WORK INSTRUCTIONS >> Return every line from the records below in which the word "hence" is found.

Source records >>
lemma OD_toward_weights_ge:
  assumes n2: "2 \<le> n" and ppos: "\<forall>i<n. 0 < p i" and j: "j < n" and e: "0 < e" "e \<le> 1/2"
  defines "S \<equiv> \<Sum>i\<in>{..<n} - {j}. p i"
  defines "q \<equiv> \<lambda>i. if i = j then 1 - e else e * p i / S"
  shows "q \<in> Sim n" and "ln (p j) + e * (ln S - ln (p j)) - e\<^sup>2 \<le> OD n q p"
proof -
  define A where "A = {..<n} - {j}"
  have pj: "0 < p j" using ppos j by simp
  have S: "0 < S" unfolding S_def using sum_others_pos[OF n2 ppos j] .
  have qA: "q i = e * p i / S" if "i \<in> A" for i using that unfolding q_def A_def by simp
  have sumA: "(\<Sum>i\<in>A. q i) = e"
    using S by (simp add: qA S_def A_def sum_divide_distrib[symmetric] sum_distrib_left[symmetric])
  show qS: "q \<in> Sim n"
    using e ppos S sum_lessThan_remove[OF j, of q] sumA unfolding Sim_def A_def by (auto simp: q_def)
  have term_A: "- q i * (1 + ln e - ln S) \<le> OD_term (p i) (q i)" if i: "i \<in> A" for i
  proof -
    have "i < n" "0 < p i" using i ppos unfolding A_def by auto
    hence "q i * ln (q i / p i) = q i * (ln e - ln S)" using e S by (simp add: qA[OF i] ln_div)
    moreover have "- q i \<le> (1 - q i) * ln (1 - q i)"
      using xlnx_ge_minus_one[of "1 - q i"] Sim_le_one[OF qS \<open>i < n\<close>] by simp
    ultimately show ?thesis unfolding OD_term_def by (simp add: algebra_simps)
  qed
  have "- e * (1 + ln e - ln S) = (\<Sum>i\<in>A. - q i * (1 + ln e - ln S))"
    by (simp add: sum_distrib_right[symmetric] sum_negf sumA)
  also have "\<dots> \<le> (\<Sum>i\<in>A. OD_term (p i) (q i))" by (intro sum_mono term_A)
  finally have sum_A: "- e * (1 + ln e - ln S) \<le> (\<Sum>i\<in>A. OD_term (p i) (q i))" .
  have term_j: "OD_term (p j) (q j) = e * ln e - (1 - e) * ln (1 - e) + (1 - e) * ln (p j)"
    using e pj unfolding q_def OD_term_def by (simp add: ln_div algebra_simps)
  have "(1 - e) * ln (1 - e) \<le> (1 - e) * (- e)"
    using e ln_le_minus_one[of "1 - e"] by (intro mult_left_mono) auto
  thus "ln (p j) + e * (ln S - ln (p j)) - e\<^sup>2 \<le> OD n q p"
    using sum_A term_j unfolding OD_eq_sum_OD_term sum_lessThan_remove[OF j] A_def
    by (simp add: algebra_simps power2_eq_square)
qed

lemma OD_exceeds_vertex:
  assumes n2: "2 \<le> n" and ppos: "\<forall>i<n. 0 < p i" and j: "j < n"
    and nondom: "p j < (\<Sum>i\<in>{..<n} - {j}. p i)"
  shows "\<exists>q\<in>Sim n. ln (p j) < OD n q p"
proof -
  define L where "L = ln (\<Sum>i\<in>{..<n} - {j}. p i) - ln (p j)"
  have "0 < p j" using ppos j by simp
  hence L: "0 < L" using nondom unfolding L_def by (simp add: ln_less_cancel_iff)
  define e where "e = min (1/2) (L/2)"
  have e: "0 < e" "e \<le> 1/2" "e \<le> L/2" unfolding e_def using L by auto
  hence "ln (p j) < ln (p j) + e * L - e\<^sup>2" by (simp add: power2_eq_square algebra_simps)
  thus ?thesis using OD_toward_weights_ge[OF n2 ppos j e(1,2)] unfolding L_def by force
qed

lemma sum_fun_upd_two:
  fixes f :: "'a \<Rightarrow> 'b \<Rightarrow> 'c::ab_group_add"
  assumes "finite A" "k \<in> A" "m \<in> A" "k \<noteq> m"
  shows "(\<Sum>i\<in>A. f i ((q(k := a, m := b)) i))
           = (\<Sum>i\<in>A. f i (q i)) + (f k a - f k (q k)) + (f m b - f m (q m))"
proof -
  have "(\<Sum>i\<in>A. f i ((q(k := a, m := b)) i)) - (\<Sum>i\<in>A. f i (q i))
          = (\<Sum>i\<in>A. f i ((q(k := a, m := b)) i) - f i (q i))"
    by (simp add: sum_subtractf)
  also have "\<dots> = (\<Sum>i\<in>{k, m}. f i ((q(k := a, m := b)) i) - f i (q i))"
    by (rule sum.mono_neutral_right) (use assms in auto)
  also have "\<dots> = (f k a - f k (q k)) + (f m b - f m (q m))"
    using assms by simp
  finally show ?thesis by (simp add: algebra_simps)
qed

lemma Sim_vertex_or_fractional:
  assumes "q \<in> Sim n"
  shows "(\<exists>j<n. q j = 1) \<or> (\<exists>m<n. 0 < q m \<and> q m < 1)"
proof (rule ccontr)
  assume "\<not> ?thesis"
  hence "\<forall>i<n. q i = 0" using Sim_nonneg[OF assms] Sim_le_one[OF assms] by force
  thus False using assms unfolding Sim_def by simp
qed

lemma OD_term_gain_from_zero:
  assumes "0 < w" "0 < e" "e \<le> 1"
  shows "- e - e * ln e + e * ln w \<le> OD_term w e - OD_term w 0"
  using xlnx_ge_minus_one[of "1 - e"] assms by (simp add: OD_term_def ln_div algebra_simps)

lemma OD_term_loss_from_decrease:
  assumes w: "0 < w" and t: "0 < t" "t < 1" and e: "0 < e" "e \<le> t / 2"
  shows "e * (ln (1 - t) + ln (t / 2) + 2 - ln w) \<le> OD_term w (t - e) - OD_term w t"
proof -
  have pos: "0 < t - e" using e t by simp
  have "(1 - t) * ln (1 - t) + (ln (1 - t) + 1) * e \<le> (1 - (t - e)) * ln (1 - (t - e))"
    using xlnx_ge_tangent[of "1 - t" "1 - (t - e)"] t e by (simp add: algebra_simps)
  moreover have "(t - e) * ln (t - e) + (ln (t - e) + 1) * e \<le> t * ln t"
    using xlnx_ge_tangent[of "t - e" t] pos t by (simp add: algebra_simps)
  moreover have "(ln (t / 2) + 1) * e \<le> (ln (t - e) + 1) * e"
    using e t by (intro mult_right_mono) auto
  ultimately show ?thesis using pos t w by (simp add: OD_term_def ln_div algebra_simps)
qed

REPLY >>
    hence "q i * ln (q i / p i) = q i * (ln e - ln S)" using e S by (simp add: qA[OF i] ln_div)
  hence L: "0 < L" using nondom unfolding L_def by (simp add: ln_less_cancel_iff)
  hence "ln (p j) < ln (p j) + e * L - e\<^sup>2" by (simp add: power2_eq_square algebra_simps)
  hence "\<forall>i<n. q i = 0" using Sim_nonneg[OF assms] Sim_le_one[OF assms] by force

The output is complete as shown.